Braque le mostró al inspector la hilera de armarios mientras la bella dama y yo los seguíamos a corta distancia. Ella evitaba mi mirada, que suplicaba mi exoneración, mas en una esquina de su linda boca se dejó entrever —estoy seguro— una dulce sonrisa que decía que me daba el beneficio de la duda.
En los vestidores nos encontramos sólo a un commis terminando de acicalarse, y Braque le indicó con la sola mirada que se apresurara.
Todos nos acercamos a la esquina donde tanto mi querido chef Leblanc como el chef Cherel tenían sus armarios, los más grandes de todos, por supuesto.
Madame, abra el armario —pidió Ferragus.
Con sus delicados dedos, Eugenia Cherel manipuló la llave del mueble que mostraba un letrerito en el que se leía: “Chef Cherel”, pero el cerrojo se resistía.
—¿Se ha equivocado de llave, Madame? Pero si usted sacó de ahí el abrigo hace sólo un rato —dijo el inspector, impaciente—. ¿No tiene usted una copia, Braque?
—¡Qué impertinencia, inspector! —respondió el maître d´hotel—¿Cómo voy a tener una copia del armario del chef?
—Además —señalé—, recuerde que hace dos días cambiaron todas las cerraduras y sólo nos dieron una llave a cada uno.
—Repita usted eso —me exigió Ferragus.
Yo le expliqué que a causa de un par de robos que se habían cometido en esos días (sí, hay que reconocerlo con entereza: ¡robos en Chez Rostand!), la administración había decidido cambiar todos los cerrojos para cortar de raíz el problema y sólo se nos había dado una llave por armario.
El inspector me miró altamente intrigado, mientras Madame Cherel seguía luchando con la cerradura. Luego, el policía se giró hacia el armario y siguió con interés el forcejeo de la dama.
—De aquí saqué el abrigo, sí, pero hace un rato no estaba así esta puerta.
—Qué extraño —replicó con ironía Ferragus, que se había puesto en jarras en espera del desenlace.
La mujer estaba cada vez más nerviosa, por lo que me sentí obligado a auxiliarla.
—Permítame, Madame —y tomé la llave—. Vamos a ver.
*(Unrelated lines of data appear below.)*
theorem hahn_banach_sublinear:
  assumes p: "sublinear p"
  obtains \<phi> where "linear \<phi>" "\<And>x. \<phi> x \<le> p x" "\<phi> x\<^sub>0 = p x\<^sub>0"
proof -
  obtain M where dom: "dominated_graph p M" and x0: "(x\<^sub>0, p x\<^sub>0) \<in> M" and total: "\<And>z. \<exists>a. (z, a) \<in> M"
    using total_dominated_graph_exists[OF p] by blast
  define \<phi> where "\<phi> z = (THE a. (z, a) \<in> M)" for z
  have \<phi>: "(z, a) \<in> M \<longleftrightarrow> \<phi> z = a" for z a
    using total[of z] dominated_graph_unique[OF p dom] unfolding \<phi>_def by (metis theI)
  have sub: "subspace M" and below: "\<And>x a. (x, a) \<in> M \<Longrightarrow> a \<le> p x"
    using dom unfolding dominated_graph_def by auto
  have "linear \<phi>"
  proof
    show "\<phi> (x + y) = \<phi> x + \<phi> y" for x y
      using subspace_add[OF sub, of "(x, \<phi> x)" "(y, \<phi> y)"] \<phi> by simp
    show "\<phi> (r *\<^sub>R x) = r *\<^sub>R \<phi> x" for r x
      using subspace_scale[OF sub, of "(x, \<phi> x)" r] \<phi> by simp
  qed
  moreover have "\<phi> x \<le> p x" for x
    using below \<phi> by blast
  moreover have "\<phi> x\<^sub>0 = p x\<^sub>0"
    using x0 \<phi> by blast
  ultimately show thesis
    using that by blast
qed

section \<open>Separability of the weak topology\<close>

lemma topspace_weak_topology [simp]: "topspace (weak_topology :: 'e::real_normed_vector topology) = UNIV"
proof -
  have "UNIV \<in> {f -` U | (f :: 'e \<Rightarrow> real) U. bounded_linear f \<and> open U}"
    using bounded_linear_zero by blast
  then show ?thesis
    unfolding weak_topology_def topology_generated_by_topspace by blast
qed

lemma openin_weak_topology_vimage:
  fixes f :: "'e::real_normed_vector \<Rightarrow> real"
  assumes "bounded_linear f" "open U"
  shows "openin weak_topology (f -` U)"
  unfolding weak_topology_def by (rule topology_generated_by_Basis) (use assms in blast)

lemma openin_weak_topology_imp_open:
  assumes "openin (weak_topology :: 'e::real_normed_vector topology) U"
  shows "open U"
proof -
  have "generate_topology_on {f -` U | (f :: 'e \<Rightarrow> real) U. bounded_linear f \<and> open U} U"
    using assms unfolding weak_topology_def by (rule openin_topology_generated_by)
  then show ?thesis
  proof induction
    case (Basis s)
    then obtain f :: "'e \<Rightarrow> real" and V where "s = f -` V" "bounded_linear f" "open V"
      by blast
    then show ?case
      using open_vimage linear_continuous_on by blast
  qed auto
qed

lemma continuous_map_into_weak_topology:
  fixes T :: "'a \<Rightarrow> 'e::real_normed_vector"
  assumes "continuous_map X euclidean T"
  shows "continuous_map X weak_topology T"
  using assms openin_weak_topology_imp_open unfolding continuous_map_def by auto

lemma infdist_greatest: "A \<noteq> {} \<Longrightarrow> (\<And>a. a \<in> A \<Longrightarrow> d \<le> dist x a) \<Longrightarrow> d \<le> infdist x A"
  unfolding infdist_notempty by (rule cINF_greatest)

lemma infdist_add_le:
  fixes M :: "'a::real_normed_vector set"
  assumes M: "subspace M"
  shows "infdist (x + y) M \<le> infdist x M + infdist y M"
proof -
  have ne: "M \<noteq> {}"
    using subspace_0[OF M] by blast
  have "infdist (x + y) M - infdist x M \<le> dist y b" if "b \<in> M" for b
  proof -
    have "infdist (x + y) M \<le> dist x a + dist y b" if "a \<in> M" for a
      using infdist_le[OF subspace_add[OF M that \<open>b \<in> M\<close>], of "x + y"]
        norm_triangle_ineq[of "x - a" "y - b"]
      by (simp add: dist_norm add_diff_add)
    then have "infdist (x + y) M - dist y b \<le> infdist x M"
      by (intro infdist_greatest[OF ne]) force
    then show ?thesis by simp
  qed
  then have "infdist (x + y) M - infdist x M \<le> infdist y M"
    by (intro infdist_greatest[OF ne])
  then show ?thesis by simp
qed

lemma infdist_scaleR:
  fixes M :: "'a::real_normed_vector set"
  assumes M: "subspace M" and "c \<ge> 0"
  shows "infdist (c *\<^sub>R x) M = c * infdist x M"
proof -
  have le: "infdist (c *\<^sub>R x) M \<le> c * infdist x M" if "c > 0" for c x
  proof -
    have "infdist (c *\<^sub>R x) M \<le> c * dist x a" if "a \<in> M" for a
      using infdist_le[OF subspace_scale[OF M that, of c], of "c *\<^sub>R x"] \<open>c > 0\<close>
      by (simp add: dist_norm flip: scaleR_diff_right)
    then have "infdist (c *\<^sub>R x) M / c \<le> dist x a" if "a \<in> M" for a
      using that \<open>c > 0\<close> by (simp add: field_simps)
    then have "infdist (c *\<^sub>R x) M / c \<le> infdist x M"
      using subspace_0[OF M] by (intro infdist_greatest) auto
    then show ?thesis
      using \<open>c > 0\<close> by (simp add: field_simps)
  qed
  show ?thesis
  proof (cases "c = 0")
    case True
    then show ?thesis using subspace_0[OF M] by simp
  next
    case False
    then have "c > 0" using \<open>c \<ge> 0\<close> by simp
    have "c * infdist x M = c * infdist ((1 / c) *\<^sub>R (c *\<^sub>R x)) M"
      using \<open>c > 0\<close> by simp
    also have "\<dots> \<le> infdist (c *\<^sub>R x) M"
      using le[of "1 / c" "c *\<^sub>R x"] \<open>c > 0\<close> by (simp add: field_simps)
    finally show ?thesis
      using le[OF \<open>c > 0\<close>, of x] by simp
  qed
qed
En menos de cinco segundos el cerrojo cedió y todos pudimos ver la impudicia de armario que ostentaba el chef Cherel: revistas de gastronomía junto a unas de baja estofa con mujeres en paños menores; una botella de pisco peruano (¡con los magníficos cognacs que tenía a su disposición aquel hombe!), y lo peor, la vergüenza: ¡una caja de rosquillas americanas de esas que se compran en las cadenas de porquerías alimenticias! Un caso clarísimo de doble personalidad el de este hombre. Quién iba a imaginar que aquel chef tan severo, tan intolerante con todo el mundo en cuanto a la atención a la excelencia, fuera una especie de cerdito vergonzante que se escondía detrás de sus exquisiteces y su soberbia para comer, beber y consumir fruslerías. ¡Un escándalo!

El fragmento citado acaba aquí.